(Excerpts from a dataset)
^^^^^^^^

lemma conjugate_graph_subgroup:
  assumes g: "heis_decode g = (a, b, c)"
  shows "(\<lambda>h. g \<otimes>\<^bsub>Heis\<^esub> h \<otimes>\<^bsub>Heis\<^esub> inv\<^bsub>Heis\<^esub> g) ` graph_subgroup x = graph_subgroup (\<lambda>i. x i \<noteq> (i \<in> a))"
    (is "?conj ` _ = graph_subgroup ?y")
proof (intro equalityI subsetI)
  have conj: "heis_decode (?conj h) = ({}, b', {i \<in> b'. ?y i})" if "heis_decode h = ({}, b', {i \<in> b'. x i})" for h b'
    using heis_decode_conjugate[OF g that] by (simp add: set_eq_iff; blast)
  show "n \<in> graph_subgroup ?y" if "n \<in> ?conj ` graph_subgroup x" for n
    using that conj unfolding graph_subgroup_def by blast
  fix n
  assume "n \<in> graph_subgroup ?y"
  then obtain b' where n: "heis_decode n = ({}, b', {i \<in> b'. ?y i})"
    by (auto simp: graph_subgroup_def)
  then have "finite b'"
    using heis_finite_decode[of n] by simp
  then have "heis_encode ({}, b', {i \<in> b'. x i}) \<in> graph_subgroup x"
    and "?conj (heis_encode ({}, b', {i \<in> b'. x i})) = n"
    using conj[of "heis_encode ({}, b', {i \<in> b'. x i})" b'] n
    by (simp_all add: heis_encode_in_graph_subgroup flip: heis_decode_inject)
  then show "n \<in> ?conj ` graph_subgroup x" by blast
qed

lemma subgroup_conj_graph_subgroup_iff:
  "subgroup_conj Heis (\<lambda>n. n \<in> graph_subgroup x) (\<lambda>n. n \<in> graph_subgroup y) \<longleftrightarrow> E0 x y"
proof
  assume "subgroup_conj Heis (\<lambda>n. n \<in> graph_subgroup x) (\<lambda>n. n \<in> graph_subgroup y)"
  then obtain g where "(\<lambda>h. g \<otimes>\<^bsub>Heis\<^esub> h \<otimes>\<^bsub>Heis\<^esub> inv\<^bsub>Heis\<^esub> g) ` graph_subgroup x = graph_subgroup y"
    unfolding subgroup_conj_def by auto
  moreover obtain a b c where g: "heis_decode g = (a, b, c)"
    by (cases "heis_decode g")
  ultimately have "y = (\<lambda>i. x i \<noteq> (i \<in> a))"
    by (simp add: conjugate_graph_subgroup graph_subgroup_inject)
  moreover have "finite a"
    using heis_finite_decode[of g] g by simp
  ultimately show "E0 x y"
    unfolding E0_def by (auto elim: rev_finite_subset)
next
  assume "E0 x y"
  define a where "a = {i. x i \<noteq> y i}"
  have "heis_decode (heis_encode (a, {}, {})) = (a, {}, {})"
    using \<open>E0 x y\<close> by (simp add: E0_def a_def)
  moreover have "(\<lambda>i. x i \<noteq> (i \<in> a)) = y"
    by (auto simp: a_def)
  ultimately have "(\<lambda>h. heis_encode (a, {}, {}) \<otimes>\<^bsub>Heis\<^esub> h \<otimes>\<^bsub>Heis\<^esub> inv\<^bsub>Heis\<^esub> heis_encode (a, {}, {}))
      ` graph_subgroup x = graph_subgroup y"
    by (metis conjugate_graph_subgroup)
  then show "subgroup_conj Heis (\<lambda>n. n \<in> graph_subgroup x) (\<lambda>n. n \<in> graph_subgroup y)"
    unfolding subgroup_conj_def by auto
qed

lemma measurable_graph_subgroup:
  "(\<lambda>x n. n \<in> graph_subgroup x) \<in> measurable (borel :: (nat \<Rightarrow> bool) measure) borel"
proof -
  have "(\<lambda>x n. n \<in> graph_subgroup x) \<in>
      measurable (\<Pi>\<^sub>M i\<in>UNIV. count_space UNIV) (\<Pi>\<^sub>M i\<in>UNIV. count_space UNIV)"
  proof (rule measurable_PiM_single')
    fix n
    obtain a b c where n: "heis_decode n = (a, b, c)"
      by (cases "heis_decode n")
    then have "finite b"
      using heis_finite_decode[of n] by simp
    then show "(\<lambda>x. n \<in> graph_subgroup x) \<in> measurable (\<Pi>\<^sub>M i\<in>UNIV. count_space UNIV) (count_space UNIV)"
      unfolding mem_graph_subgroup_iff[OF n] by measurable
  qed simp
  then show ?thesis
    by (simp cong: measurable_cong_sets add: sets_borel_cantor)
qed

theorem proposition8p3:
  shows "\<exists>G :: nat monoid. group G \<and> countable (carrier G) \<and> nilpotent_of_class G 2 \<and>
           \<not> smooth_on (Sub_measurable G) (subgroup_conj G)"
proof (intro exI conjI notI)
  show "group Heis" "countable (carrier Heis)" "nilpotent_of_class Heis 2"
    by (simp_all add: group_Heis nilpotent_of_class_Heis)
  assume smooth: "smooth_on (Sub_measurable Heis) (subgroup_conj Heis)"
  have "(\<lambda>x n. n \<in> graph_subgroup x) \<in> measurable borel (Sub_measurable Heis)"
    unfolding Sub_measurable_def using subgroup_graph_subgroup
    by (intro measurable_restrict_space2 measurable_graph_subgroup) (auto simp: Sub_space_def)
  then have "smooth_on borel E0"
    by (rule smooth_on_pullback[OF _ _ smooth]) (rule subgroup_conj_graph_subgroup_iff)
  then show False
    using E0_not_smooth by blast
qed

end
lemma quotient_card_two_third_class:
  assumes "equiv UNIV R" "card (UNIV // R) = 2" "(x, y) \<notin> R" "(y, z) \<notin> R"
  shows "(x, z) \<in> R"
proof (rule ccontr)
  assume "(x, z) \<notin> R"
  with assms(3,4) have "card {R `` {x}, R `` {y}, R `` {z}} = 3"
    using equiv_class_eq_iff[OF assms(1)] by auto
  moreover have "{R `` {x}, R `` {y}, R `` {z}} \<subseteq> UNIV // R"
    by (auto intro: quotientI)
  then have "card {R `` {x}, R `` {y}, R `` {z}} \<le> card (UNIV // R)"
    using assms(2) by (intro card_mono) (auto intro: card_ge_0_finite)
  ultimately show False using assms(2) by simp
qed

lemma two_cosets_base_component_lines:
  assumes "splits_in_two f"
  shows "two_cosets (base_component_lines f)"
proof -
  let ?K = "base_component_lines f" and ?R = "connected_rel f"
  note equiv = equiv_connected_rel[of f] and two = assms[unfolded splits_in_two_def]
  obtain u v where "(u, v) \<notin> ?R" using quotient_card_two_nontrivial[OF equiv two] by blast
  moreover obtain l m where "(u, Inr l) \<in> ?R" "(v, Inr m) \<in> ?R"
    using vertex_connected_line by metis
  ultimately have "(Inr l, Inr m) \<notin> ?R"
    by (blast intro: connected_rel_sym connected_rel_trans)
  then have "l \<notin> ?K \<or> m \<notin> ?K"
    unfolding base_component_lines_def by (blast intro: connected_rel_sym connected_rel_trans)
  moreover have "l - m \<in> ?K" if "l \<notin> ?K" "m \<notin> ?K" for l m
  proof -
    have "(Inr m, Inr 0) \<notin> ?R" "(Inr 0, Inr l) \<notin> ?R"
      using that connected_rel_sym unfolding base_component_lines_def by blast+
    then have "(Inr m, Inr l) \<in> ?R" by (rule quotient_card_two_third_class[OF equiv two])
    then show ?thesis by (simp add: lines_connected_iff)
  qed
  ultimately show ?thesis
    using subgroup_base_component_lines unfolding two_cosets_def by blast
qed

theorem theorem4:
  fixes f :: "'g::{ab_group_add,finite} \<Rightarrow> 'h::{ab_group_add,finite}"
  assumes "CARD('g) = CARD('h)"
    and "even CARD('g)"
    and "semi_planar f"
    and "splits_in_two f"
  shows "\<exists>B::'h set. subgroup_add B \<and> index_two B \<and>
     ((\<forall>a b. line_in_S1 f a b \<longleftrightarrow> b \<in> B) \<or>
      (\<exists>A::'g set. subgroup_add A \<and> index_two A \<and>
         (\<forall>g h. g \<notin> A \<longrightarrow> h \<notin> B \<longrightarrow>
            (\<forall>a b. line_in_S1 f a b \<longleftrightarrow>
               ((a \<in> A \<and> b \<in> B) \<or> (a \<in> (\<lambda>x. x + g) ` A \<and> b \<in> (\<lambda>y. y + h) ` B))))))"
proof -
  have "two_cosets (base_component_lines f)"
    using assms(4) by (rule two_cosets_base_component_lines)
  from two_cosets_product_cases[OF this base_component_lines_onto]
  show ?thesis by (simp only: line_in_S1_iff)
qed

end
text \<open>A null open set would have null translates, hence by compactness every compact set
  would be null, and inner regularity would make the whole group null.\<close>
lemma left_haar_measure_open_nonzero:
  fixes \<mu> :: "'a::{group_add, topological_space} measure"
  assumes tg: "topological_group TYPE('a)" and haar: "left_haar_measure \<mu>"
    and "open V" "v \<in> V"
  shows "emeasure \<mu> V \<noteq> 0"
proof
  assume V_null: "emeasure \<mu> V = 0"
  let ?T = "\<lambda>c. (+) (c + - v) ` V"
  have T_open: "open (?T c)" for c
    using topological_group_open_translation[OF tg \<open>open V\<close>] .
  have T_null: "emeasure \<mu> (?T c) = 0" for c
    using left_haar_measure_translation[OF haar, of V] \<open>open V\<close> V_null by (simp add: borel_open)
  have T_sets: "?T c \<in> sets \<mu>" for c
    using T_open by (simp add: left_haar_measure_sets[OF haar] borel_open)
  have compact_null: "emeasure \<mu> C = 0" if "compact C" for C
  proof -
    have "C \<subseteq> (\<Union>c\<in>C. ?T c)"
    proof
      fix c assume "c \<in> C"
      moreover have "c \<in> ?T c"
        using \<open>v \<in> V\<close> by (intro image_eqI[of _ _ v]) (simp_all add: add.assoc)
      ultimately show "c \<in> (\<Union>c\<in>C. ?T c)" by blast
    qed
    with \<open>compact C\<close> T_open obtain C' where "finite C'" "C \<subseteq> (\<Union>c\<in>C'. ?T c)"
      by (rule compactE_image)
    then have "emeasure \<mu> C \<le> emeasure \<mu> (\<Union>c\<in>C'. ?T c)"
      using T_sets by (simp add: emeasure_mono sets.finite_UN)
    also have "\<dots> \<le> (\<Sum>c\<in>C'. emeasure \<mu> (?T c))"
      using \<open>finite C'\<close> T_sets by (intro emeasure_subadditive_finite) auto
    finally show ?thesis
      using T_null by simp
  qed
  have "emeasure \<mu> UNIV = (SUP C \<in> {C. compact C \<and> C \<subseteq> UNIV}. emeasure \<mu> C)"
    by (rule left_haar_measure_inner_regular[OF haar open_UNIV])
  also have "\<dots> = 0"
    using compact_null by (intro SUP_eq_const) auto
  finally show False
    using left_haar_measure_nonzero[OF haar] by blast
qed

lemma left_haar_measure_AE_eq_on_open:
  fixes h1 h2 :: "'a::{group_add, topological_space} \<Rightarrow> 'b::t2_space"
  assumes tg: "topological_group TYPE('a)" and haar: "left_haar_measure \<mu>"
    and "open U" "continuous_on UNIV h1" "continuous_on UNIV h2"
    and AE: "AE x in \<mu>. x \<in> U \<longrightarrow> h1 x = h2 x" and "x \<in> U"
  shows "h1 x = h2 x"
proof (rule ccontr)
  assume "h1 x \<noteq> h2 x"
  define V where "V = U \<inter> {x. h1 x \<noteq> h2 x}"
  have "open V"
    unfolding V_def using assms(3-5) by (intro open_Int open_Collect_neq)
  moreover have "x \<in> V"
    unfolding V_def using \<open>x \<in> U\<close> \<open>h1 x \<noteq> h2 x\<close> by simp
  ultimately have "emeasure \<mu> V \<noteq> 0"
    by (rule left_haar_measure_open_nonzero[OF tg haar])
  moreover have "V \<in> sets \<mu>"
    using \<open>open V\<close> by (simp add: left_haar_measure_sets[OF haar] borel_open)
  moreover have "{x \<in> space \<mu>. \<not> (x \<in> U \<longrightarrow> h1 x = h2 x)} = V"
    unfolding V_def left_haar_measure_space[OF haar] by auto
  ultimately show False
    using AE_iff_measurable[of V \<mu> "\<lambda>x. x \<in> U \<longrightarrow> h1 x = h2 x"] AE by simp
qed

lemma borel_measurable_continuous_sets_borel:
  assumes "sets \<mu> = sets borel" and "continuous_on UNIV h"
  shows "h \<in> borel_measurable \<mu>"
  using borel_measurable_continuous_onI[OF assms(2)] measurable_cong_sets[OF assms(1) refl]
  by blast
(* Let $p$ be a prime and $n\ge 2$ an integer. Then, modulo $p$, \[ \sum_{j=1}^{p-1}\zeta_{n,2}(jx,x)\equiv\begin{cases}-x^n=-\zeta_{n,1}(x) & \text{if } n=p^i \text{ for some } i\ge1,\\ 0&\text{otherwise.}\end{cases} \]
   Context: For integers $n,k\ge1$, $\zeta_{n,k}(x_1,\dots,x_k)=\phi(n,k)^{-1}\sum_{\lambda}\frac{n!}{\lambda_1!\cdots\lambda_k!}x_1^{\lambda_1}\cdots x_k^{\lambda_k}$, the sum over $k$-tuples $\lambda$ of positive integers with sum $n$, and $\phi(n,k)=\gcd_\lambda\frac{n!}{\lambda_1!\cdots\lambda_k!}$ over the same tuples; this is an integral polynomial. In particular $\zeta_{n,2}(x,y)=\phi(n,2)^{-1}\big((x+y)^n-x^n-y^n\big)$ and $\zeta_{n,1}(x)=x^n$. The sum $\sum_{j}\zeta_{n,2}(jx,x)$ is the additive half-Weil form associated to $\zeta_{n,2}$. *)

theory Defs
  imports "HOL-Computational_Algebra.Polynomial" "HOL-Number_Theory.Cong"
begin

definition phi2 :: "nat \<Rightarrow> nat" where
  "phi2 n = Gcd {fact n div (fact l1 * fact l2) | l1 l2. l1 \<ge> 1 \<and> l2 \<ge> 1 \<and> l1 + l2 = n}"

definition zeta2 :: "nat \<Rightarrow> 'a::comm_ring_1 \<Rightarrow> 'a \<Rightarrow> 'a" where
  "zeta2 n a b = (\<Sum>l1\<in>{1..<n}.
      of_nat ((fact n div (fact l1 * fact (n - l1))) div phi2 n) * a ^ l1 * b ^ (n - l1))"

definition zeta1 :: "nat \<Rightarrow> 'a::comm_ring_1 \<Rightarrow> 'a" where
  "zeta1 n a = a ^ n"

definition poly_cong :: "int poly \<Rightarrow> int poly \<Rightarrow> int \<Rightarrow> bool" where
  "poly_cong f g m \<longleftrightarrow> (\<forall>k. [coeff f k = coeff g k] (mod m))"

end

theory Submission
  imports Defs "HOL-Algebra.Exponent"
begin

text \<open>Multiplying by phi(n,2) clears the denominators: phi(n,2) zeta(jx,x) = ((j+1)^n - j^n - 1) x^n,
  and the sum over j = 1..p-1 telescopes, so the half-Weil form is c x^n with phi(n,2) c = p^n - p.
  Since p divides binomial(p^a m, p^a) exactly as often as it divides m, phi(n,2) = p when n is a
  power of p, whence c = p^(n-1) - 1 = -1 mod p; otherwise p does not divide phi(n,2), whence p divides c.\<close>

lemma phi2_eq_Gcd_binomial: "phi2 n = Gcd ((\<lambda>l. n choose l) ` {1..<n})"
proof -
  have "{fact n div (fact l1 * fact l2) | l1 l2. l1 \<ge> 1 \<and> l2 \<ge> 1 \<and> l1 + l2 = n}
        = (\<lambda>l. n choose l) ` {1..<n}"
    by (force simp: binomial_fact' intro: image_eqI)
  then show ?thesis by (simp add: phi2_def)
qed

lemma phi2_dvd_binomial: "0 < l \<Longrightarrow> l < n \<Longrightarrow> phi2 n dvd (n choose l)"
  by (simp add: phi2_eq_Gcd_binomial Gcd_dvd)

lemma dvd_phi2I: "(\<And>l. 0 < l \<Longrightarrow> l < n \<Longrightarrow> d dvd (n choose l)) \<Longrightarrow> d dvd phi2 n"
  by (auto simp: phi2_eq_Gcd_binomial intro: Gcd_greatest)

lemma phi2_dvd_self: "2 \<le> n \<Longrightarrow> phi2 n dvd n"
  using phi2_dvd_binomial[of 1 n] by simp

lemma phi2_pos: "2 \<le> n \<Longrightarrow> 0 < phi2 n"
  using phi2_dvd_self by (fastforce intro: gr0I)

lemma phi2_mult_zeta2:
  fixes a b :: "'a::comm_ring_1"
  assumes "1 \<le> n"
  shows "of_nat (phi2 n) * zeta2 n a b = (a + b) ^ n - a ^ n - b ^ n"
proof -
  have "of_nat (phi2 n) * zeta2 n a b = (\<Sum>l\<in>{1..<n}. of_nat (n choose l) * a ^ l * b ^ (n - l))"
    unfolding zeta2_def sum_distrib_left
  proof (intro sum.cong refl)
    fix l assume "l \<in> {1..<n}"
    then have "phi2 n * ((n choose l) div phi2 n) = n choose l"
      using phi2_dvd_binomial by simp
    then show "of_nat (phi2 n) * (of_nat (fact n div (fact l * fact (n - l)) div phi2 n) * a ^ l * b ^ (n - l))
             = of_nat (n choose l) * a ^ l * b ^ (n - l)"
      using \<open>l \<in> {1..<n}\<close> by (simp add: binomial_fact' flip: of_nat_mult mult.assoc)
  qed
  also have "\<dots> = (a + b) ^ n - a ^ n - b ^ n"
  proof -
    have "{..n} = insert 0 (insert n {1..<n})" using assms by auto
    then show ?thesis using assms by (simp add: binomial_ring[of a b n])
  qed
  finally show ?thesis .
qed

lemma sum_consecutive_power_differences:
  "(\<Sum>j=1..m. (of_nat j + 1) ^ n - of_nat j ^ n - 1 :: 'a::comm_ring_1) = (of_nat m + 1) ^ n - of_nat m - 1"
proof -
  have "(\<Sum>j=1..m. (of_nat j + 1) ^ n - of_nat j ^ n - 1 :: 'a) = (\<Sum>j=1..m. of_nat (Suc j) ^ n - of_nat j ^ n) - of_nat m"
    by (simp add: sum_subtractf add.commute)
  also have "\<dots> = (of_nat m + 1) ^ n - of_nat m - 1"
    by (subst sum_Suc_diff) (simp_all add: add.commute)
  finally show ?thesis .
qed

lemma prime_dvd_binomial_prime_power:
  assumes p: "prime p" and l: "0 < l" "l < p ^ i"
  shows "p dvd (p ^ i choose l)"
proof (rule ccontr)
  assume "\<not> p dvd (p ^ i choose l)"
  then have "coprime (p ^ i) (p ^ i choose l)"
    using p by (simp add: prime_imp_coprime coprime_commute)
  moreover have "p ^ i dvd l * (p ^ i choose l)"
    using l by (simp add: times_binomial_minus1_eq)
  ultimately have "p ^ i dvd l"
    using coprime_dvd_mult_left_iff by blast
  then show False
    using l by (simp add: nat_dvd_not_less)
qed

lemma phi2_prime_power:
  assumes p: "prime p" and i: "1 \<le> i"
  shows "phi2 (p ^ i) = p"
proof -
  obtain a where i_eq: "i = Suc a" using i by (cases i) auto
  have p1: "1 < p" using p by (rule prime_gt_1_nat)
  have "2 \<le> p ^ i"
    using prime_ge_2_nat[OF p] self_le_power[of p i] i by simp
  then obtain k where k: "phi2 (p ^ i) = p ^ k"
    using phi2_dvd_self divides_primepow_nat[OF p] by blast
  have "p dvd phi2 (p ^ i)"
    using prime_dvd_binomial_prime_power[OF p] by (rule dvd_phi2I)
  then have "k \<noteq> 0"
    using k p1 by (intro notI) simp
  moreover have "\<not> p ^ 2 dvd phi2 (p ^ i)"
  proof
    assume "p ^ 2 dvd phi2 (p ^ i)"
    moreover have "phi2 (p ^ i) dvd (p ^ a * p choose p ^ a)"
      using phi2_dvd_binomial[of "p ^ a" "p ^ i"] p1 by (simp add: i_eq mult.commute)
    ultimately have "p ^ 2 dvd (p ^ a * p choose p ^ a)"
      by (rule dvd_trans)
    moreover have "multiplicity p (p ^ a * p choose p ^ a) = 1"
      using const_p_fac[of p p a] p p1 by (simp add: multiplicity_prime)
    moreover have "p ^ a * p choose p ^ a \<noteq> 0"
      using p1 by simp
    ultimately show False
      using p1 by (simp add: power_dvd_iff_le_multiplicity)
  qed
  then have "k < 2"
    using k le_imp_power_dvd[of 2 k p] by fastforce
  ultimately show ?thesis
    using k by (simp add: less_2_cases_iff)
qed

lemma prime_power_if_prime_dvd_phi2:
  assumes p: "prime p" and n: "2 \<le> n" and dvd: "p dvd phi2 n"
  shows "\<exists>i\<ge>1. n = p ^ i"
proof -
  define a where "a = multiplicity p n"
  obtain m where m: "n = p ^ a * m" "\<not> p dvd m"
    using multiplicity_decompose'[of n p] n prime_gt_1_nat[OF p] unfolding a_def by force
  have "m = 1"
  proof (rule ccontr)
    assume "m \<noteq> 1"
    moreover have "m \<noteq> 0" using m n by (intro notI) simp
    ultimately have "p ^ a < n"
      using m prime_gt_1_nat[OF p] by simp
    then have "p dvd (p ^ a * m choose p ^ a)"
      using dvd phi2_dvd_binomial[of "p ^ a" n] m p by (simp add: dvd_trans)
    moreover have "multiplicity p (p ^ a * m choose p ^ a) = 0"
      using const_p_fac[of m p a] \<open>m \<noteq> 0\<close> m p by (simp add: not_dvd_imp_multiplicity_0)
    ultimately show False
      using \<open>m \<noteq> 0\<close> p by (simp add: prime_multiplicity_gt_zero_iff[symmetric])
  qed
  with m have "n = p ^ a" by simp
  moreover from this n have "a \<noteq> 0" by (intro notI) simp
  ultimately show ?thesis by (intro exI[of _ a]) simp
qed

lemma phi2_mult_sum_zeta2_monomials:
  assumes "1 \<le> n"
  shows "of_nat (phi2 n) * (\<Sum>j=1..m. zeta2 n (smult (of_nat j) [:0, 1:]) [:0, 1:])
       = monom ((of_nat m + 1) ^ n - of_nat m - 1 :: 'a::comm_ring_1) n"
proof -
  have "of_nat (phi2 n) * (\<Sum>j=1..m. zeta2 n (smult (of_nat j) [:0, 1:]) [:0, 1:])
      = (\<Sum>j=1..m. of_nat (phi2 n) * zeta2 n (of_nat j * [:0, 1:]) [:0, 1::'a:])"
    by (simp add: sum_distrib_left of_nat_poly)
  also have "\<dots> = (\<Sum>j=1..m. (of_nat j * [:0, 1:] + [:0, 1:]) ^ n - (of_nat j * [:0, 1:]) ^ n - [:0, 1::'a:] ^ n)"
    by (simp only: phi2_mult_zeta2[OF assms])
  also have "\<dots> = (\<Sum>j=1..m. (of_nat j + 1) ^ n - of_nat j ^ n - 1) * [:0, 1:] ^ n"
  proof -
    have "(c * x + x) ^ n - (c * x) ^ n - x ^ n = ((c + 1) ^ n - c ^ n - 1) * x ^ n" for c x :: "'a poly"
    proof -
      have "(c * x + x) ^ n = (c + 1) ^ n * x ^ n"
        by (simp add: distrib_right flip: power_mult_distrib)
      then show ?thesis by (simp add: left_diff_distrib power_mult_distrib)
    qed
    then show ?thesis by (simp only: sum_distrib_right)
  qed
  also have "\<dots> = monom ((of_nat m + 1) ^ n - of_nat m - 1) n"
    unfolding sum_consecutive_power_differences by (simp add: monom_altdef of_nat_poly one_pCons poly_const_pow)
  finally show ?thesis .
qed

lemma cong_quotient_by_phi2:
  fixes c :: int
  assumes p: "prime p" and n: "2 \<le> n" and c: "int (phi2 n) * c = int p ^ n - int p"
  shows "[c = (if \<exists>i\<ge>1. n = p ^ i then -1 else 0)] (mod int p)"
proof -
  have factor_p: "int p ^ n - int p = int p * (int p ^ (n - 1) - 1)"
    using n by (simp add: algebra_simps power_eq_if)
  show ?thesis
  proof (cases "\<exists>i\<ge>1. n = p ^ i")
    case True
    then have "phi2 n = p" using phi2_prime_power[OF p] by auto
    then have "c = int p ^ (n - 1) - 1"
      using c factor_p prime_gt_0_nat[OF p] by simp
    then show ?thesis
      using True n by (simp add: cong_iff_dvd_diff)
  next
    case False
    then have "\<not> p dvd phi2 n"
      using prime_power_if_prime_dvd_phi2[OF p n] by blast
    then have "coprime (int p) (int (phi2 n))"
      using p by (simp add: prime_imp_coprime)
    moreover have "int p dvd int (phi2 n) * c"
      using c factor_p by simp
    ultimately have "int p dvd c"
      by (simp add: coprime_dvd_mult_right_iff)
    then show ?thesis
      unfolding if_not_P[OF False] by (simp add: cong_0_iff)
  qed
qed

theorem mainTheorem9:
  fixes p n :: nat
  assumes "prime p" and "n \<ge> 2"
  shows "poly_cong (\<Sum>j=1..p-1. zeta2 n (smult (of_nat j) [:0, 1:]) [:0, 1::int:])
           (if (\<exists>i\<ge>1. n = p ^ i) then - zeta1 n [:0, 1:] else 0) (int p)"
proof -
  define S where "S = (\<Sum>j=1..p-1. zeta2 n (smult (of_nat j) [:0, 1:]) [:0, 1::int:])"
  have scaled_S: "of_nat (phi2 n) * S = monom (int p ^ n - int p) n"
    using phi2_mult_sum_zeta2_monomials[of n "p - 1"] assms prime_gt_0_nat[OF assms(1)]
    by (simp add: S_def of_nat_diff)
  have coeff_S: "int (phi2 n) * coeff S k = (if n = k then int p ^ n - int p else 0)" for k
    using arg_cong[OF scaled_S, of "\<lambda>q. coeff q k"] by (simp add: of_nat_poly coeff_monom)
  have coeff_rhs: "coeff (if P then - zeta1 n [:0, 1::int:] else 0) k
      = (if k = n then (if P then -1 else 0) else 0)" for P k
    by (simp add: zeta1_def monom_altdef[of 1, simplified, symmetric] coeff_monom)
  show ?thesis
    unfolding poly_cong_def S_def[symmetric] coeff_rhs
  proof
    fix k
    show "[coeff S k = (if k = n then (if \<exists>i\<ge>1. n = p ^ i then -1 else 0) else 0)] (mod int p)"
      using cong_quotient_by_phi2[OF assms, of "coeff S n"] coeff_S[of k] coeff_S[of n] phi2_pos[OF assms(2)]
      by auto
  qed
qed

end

^^^^^^^^

*What to produce:* Your task for the entries above: copy exactly the span starting with the line with "with m have" and going on through the line with "of_nat m - 1)", both lines included, and nothing else.

*Result:*
  with m have "n = p ^ a" by simp
  moreover from this n have "a \<noteq> 0" by (intro notI) simp
  ultimately show ?thesis by (intro exI[of _ a]) simp
qed

lemma phi2_mult_sum_zeta2_monomials:
  assumes "1 \<le> n"
  shows "of_nat (phi2 n) * (\<Sum>j=1..m. zeta2 n (smult (of_nat j) [:0, 1:]) [:0, 1:])
       = monom ((of_nat m + 1) ^ n - of_nat m - 1 :: 'a::comm_ring_1) n"
proof -
  have "of_nat (phi2 n) * (\<Sum>j=1..m. zeta2 n (smult (of_nat j) [:0, 1:]) [:0, 1:])
      = (\<Sum>j=1..m. of_nat (phi2 n) * zeta2 n (of_nat j * [:0, 1:]) [:0, 1::'a:])"
    by (simp add: sum_distrib_left of_nat_poly)
  also have "\<dots> = (\<Sum>j=1..m. (of_nat j * [:0, 1:] + [:0, 1:]) ^ n - (of_nat j * [:0, 1:]) ^ n - [:0, 1::'a:] ^ n)"
    by (simp only: phi2_mult_zeta2[OF assms])
  also have "\<dots> = (\<Sum>j=1..m. (of_nat j + 1) ^ n - of_nat j ^ n - 1) * [:0, 1:] ^ n"
  proof -
    have "(c * x + x) ^ n - (c * x) ^ n - x ^ n = ((c + 1) ^ n - c ^ n - 1) * x ^ n" for c x :: "'a poly"
    proof -
      have "(c * x + x) ^ n = (c + 1) ^ n * x ^ n"
        by (simp add: distrib_right flip: power_mult_distrib)
      then show ?thesis by (simp add: left_diff_distrib power_mult_distrib)
    qed
    then show ?thesis by (simp only: sum_distrib_right)
  qed
  also have "\<dots> = monom ((of_nat m + 1) ^ n - of_nat m - 1) n"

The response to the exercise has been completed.